From 1993 to 1998, Fei hosted the Taiwan Television prime time variety show The Fantastic Brothers (龍兄虎弟) with his brother Chang Fei. He was well known for his witty humor, improvised singing and celebrity impersonations in the show, for which he was nicknamed the "myna bird" (九官鳥). He went on to host several other television music programs, including "Flying to the Rainbow" (飛上彩虹), "Fei yue xing qi tian" (飛越星期天), "Jin xiao hua yue ye" (今宵花月夜) and "fei yu qing shi jian" (費玉清時間), as well as award-winning "Golden Voice, Golden Award" (金嗓金賞) and "Fei Yu-ching's Music" (費玉清的清音樂).

In 2006, he was featured in a duet, "Faraway" (千里之外), with Jay Chou released in his seventh album Still Fantasy. In February 2008, he performed it during CCTV-4's Chinese New Year special, singing a solo version of "Faraway", which was also performed by Chou later in the program.

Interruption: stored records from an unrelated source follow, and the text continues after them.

lemma M_rho_cases:
  assumes "\<eta> \<in> M_rho U"
  obtains A where "A \<in> moderate U" "\<eta> = star_cls U A"
  using assms M_rho_iff unfolding M_rho_def StarC_def by auto

lemma rob_cls_star_cls: "rob_cls U (star_cls U A) = star_cls U ` asym_cls U A"
proof (intro Set.set_eqI iffI)
  fix \<eta> assume "\<eta> \<in> rob_cls U (star_cls U A)"
  then have \<eta>: "\<eta> \<in> M_rho U" "star_lift2 U (-) (star_cls U A) \<eta> \<in> N_rho U"
    by (simp_all add: rob_cls_def)
  obtain B where "B \<in> moderate U" "\<eta> = star_cls U B" using \<eta>(1) by (rule M_rho_cases)
  with \<eta>(2) show "\<eta> \<in> star_cls U ` asym_cls U A"
    by (auto simp: N_rho_iff mem_asym_cls)
next
  fix \<eta> assume "\<eta> \<in> star_cls U ` asym_cls U A"
  then show "\<eta> \<in> rob_cls U (star_cls U A)"
    by (auto simp: rob_cls_def mem_asym_cls M_rho_iff N_rho_iff)
qed

lemma Phi_cls: "A \<in> moderate U \<Longrightarrow> Phi U (asym_cls U A) = star_cls U ` asym_cls U A"
  by (simp add: Phi_def rob_cls_star_cls asym_cls_rep)

lemma rep_Phi_cls:
  assumes "A \<in> moderate U"
  obtains A' where "A' \<in> asym_cls U A" "rep (star_cls U ` asym_cls U A) = star_cls U A'"
proof -
  have "rep (star_cls U ` asym_cls U A) \<in> star_cls U ` asym_cls U A"
    unfolding rep_def by (rule someI[of _ "star_cls U A"]) (simp add: asym_cls_self assms)
  then show ?thesis using that by blast
qed

lemma Phi_cls_inject:
  assumes "A \<in> moderate U" "B \<in> moderate U"
    and "star_cls U ` asym_cls U A = star_cls U ` asym_cls U B"
  shows "asym_cls U A = asym_cls U B"
proof -
  obtain B' where B': "B' \<in> asym_cls U B" "star_cls U A = star_cls U B'"
    using assms(3) asym_cls_self[OF assms(1)] by blast
  then have "(\<lambda>\<phi>. A \<phi> - B' \<phi>) \<in> negligible U"
    by (auto simp: star_cls_eq_iff intro: negligible_if_eventually_zero elim: eventually_mono)
  then show ?thesis
    using asym_cls_eqI asym_cls_eq_if_mem[OF B'(1)] by metis
qed

lemma rob_cls_lift2:
  assumes "A \<in> moderate U" "B \<in> moderate U"
    and cong: "\<And>A' B'. A' \<in> asym_cls U A \<Longrightarrow> B' \<in> asym_cls U B \<Longrightarrow>
      asym_cls U (\<lambda>\<phi>. f (A' \<phi>) (B' \<phi>)) = asym_cls U (\<lambda>\<phi>. f (A \<phi>) (B \<phi>))"
  shows "rob_cls U (star_lift2 U f (rep (star_cls U ` asym_cls U A)) (rep (star_cls U ` asym_cls U B)))
    = star_cls U ` asym_cls U (\<lambda>\<phi>. f (A \<phi>) (B \<phi>))"
proof -
  obtain A' B' where A': "A' \<in> asym_cls U A" "rep (star_cls U ` asym_cls U A) = star_cls U A'"
    and B': "B' \<in> asym_cls U B" "rep (star_cls U ` asym_cls U B) = star_cls U B'"
    using rep_Phi_cls[OF assms(1)] rep_Phi_cls[OF assms(2)] by metis
  show ?thesis using A' B' cong[OF A'(1) B'(1)] by (simp add: rob_cls_star_cls)
qed

lemma RobC_eq: "RobC U = Phi U ` AsymC U"
proof -
  have "RobC U = (\<lambda>A. rob_cls U (star_cls U A)) ` moderate U"
    unfolding RobC_def by (auto elim!: M_rho_cases simp: M_rho_iff)
  also have "\<dots> = Phi U ` AsymC U"
    unfolding AsymC_def image_image by (intro image_cong) (simp_all add: Phi_cls rob_cls_star_cls)
  finally show ?thesis .
qed

lemma RobR_eq: "RobR U = Phi U ` AsymR U"
proof -
  have "M_rho U \<inter> StarR U = star_cls U ` (moderate U \<inter> {A. realnet A})"
    unfolding StarR_def by (auto simp: M_rho_iff)
  then have "RobR U = (\<lambda>A. rob_cls U (star_cls U A)) ` (moderate U \<inter> {A. realnet A})"
    unfolding RobR_def by (simp add: image_image)
  also have "\<dots> = Phi U ` AsymR U"
    unfolding AsymR_def image_image by (intro image_cong) (simp_all add: Phi_cls rob_cls_star_cls)
  finally show ?thesis .
qed

lemma inj_on_Phi: "inj_on (Phi U) (AsymC U)"
proof (rule inj_onI)
  fix X Y assume X: "X \<in> AsymC U" and Y: "Y \<in> AsymC U" and eq: "Phi U X = Phi U Y"
  obtain A where A: "A \<in> moderate U" "X = asym_cls U A" using X by (rule AsymC_cases)
  obtain B where B: "B \<in> moderate U" "Y = asym_cls U B" using Y by (rule AsymC_cases)
  show "X = Y" using Phi_cls_inject[OF A(1) B(1)] eq by (simp add: A B Phi_cls A(1) B(1))
qed

lemma Phi_ring_iso: "Phi U \<in> ring_iso (asym_ring U) (rob_ring U)"
proof (rule ring_iso_memI)
  show "Phi U X \<in> carrier (rob_ring U)" if "X \<in> carrier (asym_ring U)" for X
    using that by (simp add: rob_ring_def RobC_eq)
next
  fix X Y assume "X \<in> carrier (asym_ring U)" "Y \<in> carrier (asym_ring U)"
  then obtain A B where AB: "A \<in> moderate U" "B \<in> moderate U" "X = asym_cls U A" "Y = asym_cls U B"
    by (auto elim!: AsymC_cases)
  have Phi_X: "Phi U X = star_cls U ` asym_cls U A" and Phi_Y: "Phi U Y = star_cls U ` asym_cls U B"
    using AB by (simp_all add: Phi_cls)
  have "Phi U (X \<otimes>\<^bsub>asym_ring U\<^esub> Y) = star_cls U ` asym_cls U (\<lambda>\<phi>. A \<phi> * B \<phi>)"
    using AB by (simp add: asym_mult_cls Phi_cls moderate_mult)
  also have "\<dots> = Phi U X \<otimes>\<^bsub>rob_ring U\<^esub> Phi U Y"
    unfolding Phi_X Phi_Y rob_ring_def
    using rob_cls_lift2[where f = "(*)", OF AB(1,2) asym_cls_mult_cong] by simp
  finally show "Phi U (X \<otimes>\<^bsub>asym_ring U\<^esub> Y) = Phi U X \<otimes>\<^bsub>rob_ring U\<^esub> Phi U Y" .
  have "Phi U (X \<oplus>\<^bsub>asym_ring U\<^esub> Y) = star_cls U ` asym_cls U (\<lambda>\<phi>. A \<phi> + B \<phi>)"
    using AB by (simp add: asym_add_cls Phi_cls moderate_add)
  also have "\<dots> = Phi U X \<oplus>\<^bsub>rob_ring U\<^esub> Phi U Y"
    unfolding Phi_X Phi_Y rob_ring_def
    using rob_cls_lift2[where f = "(+)", OF AB(1,2) asym_cls_add_cong] by simp
  finally show "Phi U (X \<oplus>\<^bsub>asym_ring U\<^esub> Y) = Phi U X \<oplus>\<^bsub>rob_ring U\<^esub> Phi U Y" .
next
  show "Phi U \<one>\<^bsub>asym_ring U\<^esub> = \<one>\<^bsub>rob_ring U\<^esub>"
    by (simp add: Phi_cls moderate_const rob_ring_def star_const_def rob_cls_star_cls)
next
  show "bij_betw (Phi U) (carrier (asym_ring U)) (carrier (rob_ring U))"
    by (simp add: rob_ring_def RobC_eq bij_betw_def inj_on_Phi)
qed

lemma rob_ring_field: "field (rob_ring U)"
proof -
  have "field (rob_ring U \<lparr>zero := Phi U \<zero>\<^bsub>asym_ring U\<^esub>\<rparr>)"
    by (rule field.ring_iso_imp_img_field[OF asym_ring_field Phi_ring_iso])
  moreover have "Phi U \<zero>\<^bsub>asym_ring U\<^esub> = \<zero>\<^bsub>rob_ring U\<^esub>"
    by (simp add: Phi_cls moderate_const rob_ring_def star_const_def rob_cls_star_cls)
  ultimately show ?thesis by simp
qed


text \<open>\<open>pos_net D\<close> says that the class of the real net \<open>D\<close> is a strictly positive asymptotic number.\<close>

definition pos_net :: "(('a \<Rightarrow> complex) \<Rightarrow> real) \<Rightarrow> bool" where
  "pos_net D \<longleftrightarrow> (\<exists>p. \<forall>\<^sub>F \<phi> in ae_filter. Rphi \<phi> ^ p < D \<phi>)"

lemma pos_net_imp_eventually_pos: "pos_net D \<Longrightarrow> \<forall>\<^sub>F \<phi> in ae_filter. 0 < D \<phi>"
  unfolding pos_net_def
  by (elim exE, rule eventually_mp[OF _ eventually_Rphi_small], erule eventually_mono)
    (auto intro: less_trans[OF zero_less_power])

lemma pos_net_perturb:
  assumes "pos_net D" "N \<in> negligible U" "\<forall>\<^sub>F \<phi> in ae_filter. \<bar>D' \<phi> - D \<phi>\<bar> \<le> cmod (N \<phi>)"
  shows "pos_net D'"
proof -
  obtain p where "\<forall>\<^sub>F \<phi> in ae_filter. Rphi \<phi> ^ p < D \<phi>" using assms(1) unfolding pos_net_def by blast
  with assms(2)[unfolded negligible_iff, THEN spec[of _ "Suc p"]] assms(3) eventually_Rphi_small
  have "\<forall>\<^sub>F \<phi> in ae_filter. Rphi \<phi> ^ Suc p < D' \<phi>"
  proof eventually_elim
    case (elim \<phi>)
    then have "Rphi \<phi> ^ Suc p \<le> Rphi \<phi> ^ p / 2" by (simp add: mult_right_mono)
    with elim show ?case by linarith
  qed
  then show ?thesis unfolding pos_net_def by blast
qed

lemma pos_net_not_negligible:
  assumes "pos_net D" "\<forall>\<^sub>F \<phi> in ae_filter. D \<phi> \<le> cmod (C \<phi>)"
  shows "C \<notin> negligible U"
proof
  assume "C \<in> negligible U"
  obtain p where "\<forall>\<^sub>F \<phi> in ae_filter. Rphi \<phi> ^ p < D \<phi>" using assms(1) unfolding pos_net_def by blast
  with assms(2) \<open>C \<in> negligible U\<close>[unfolded negligible_iff, THEN spec[of _ p]]
  have "\<forall>\<^sub>F \<phi> in ae_filter. False" by eventually_elim simp
  then show False by simp
qed

lemma eventually_Im_eq_0:
  assumes "realnet A"
  shows "\<forall>\<^sub>F \<phi> in ae_filter. Im (A \<phi>) = 0"
proof -
  have "{\<phi> \<in> test_fns. Im (A \<phi>) = 0} = test_fns"
    using assms by (auto simp: realnet_def complex_is_Real_iff)
  then show ?thesis by (simp add: eventually_ae_filter ae_def test_fns_mem)
qed

lemma pos_net_if_not_negligible:
  assumes "A \<notin> negligible U" "realnet A" "\<forall>\<^sub>F \<phi> in ae_filter. 0 < Re (A \<phi>)"
  shows "pos_net (\<lambda>\<phi>. Re (A \<phi>))"
proof -
  obtain p where "\<forall>\<^sub>F \<phi> in ae_filter. Rphi \<phi> ^ p \<le> cmod (A \<phi>)"
    using assms(1) by (rule not_negligible_lower_bound)
  with assms(3) eventually_Im_eq_0[OF assms(2)] eventually_Rphi_small
  have "\<forall>\<^sub>F \<phi> in ae_filter. Rphi \<phi> ^ Suc p < Re (A \<phi>)"
  proof eventually_elim
    case (elim \<phi>)
    then have "cmod (A \<phi>) = Re (A \<phi>)" by (simp add: cmod_eq_Re)
    moreover have "Rphi \<phi> ^ Suc p < Rphi \<phi> ^ p" using elim by (simp add: power_strict_decreasing)
    ultimately show ?case using elim by linarith
  qed
  then show ?thesis unfolding pos_net_def by blast
qed

lemma asym_pos_cls:
  assumes C: "C \<in> moderate U"
  shows "asym_pos U (asym_cls U C) \<longleftrightarrow>
    (\<lambda>\<phi>. of_real (Im (C \<phi>))) \<in> negligible U \<and> pos_net (\<lambda>\<phi>. Re (C \<phi>))"
proof
  assume "asym_pos U (asym_cls U C)"
  then obtain A where A: "A \<in> asym_cls U C" "realnet A" "\<forall>\<^sub>F \<phi> in ae_filter. 0 < Re (A \<phi>)"
    and "C \<notin> negligible U"
    by (auto simp: asym_pos_def asym_const_def eventually_ae_filter asym_cls_eq_zero_iff[OF C])
  have CA: "(\<lambda>\<phi>. C \<phi> - A \<phi>) \<in> negligible U" using A(1) by (simp add: mem_asym_cls)
  have "A \<notin> negligible U"
  proof
    assume "A \<in> negligible U"
    with CA have "(\<lambda>\<phi>. (C \<phi> - A \<phi>) + A \<phi>) \<in> negligible U" by (rule negligible_add)
    with \<open>C \<notin> negligible U\<close> show False by simp
  qed
  then have "pos_net (\<lambda>\<phi>. Re (A \<phi>))" using A(2,3) by (rule pos_net_if_not_negligible)
  moreover have "\<forall>\<^sub>F \<phi> in ae_filter. \<bar>Re (C \<phi>) - Re (A \<phi>)\<bar> \<le> cmod (C \<phi> - A \<phi>)"
    by (intro always_eventually allI abs_Re_diff_le_cmod)
  ultimately have "pos_net (\<lambda>\<phi>. Re (C \<phi>))" by (rule pos_net_perturb[OF _ CA])
  moreover have "\<forall>\<^sub>F \<phi> in ae_filter. cmod (of_real (Im (C \<phi>))) \<le> cmod (C \<phi> - A \<phi>)"
    using eventually_Im_eq_0[OF A(2)]
    by eventually_elim (metis abs_Im_le_cmod minus_complex.sel(2) diff_zero norm_of_real)
  then have "(\<lambda>\<phi>. of_real (Im (C \<phi>))) \<in> negligible U" by (rule negligible_le[OF CA])
  ultimately show "(\<lambda>\<phi>. of_real (Im (C \<phi>))) \<in> negligible U \<and> pos_net (\<lambda>\<phi>. Re (C \<phi>))" by blast
next
  assume Im_C: "(\<lambda>\<phi>. of_real (Im (C \<phi>))) \<in> negligible U \<and> pos_net (\<lambda>\<phi>. Re (C \<phi>))"
  define D where "D = (\<lambda>\<phi>. complex_of_real (Re (C \<phi>)))"
  have "D \<in> moderate U" unfolding D_def by (rule moderate_le[OF C]) (simp add: abs_Re_le_cmod)
  moreover have "(\<lambda>\<phi>. C \<phi> - D \<phi>) \<in> negligible U"
    by (rule negligible_le[OF conjunct1[OF Im_C]]) (simp add: D_def norm_complex_def)
  ultimately have "D \<in> asym_cls U C" by (simp add: mem_asym_cls)
  moreover have "realnet D" by (simp add: realnet_def D_def)
  moreover have "ae U (\<lambda>\<phi>. 0 < Re (D \<phi>))"
    unfolding D_def eventually_ae_filter[symmetric] using pos_net_imp_eventually_pos Im_C by simp
  moreover have "C \<notin> negligible U"
    by (rule pos_net_not_negligible[OF conjunct2[OF Im_C]]) (simp add: complex_Re_le_cmod)
  ultimately show "asym_pos U (asym_cls U C)"
    unfolding asym_pos_def asym_const_def asym_cls_eq_zero_iff[OF C] by blast
qed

Fei announced his retirement from the entertainment industry in September 2018, stating that his farewell concert tour was scheduled for 2019. He held his farewell concert tour in few cities in China, Macau, Malaysia, USA, Canada, Australia, Singapore, Hong Kong and Taiwan. His final concert was held in November in Taiwan.

He also completed filming for his TV show "Our Song" with his apprentices Timmy Xu and Ayanga in January 2020, which was originally slated to before his concert but was delayed due to circumstances beyond his control.

In 2020, the song "Yi Jian Mei" (commonly known by its chorus "Xue hua piao piao" in the West) became a viral internet meme that reached the top spots on the Spotify Viral 50 chart in countries like Norway, Sweden, Finland, and New Zealand.

==Personal life==
In 1981, he was engaged to Chie Yasui, a Japanese actress, but he called off the wedding because the Yasui family expected Fei to enter matrilocal residence, switch to Japanese citizenship and give up his career in Taiwan. He remained single thereafter.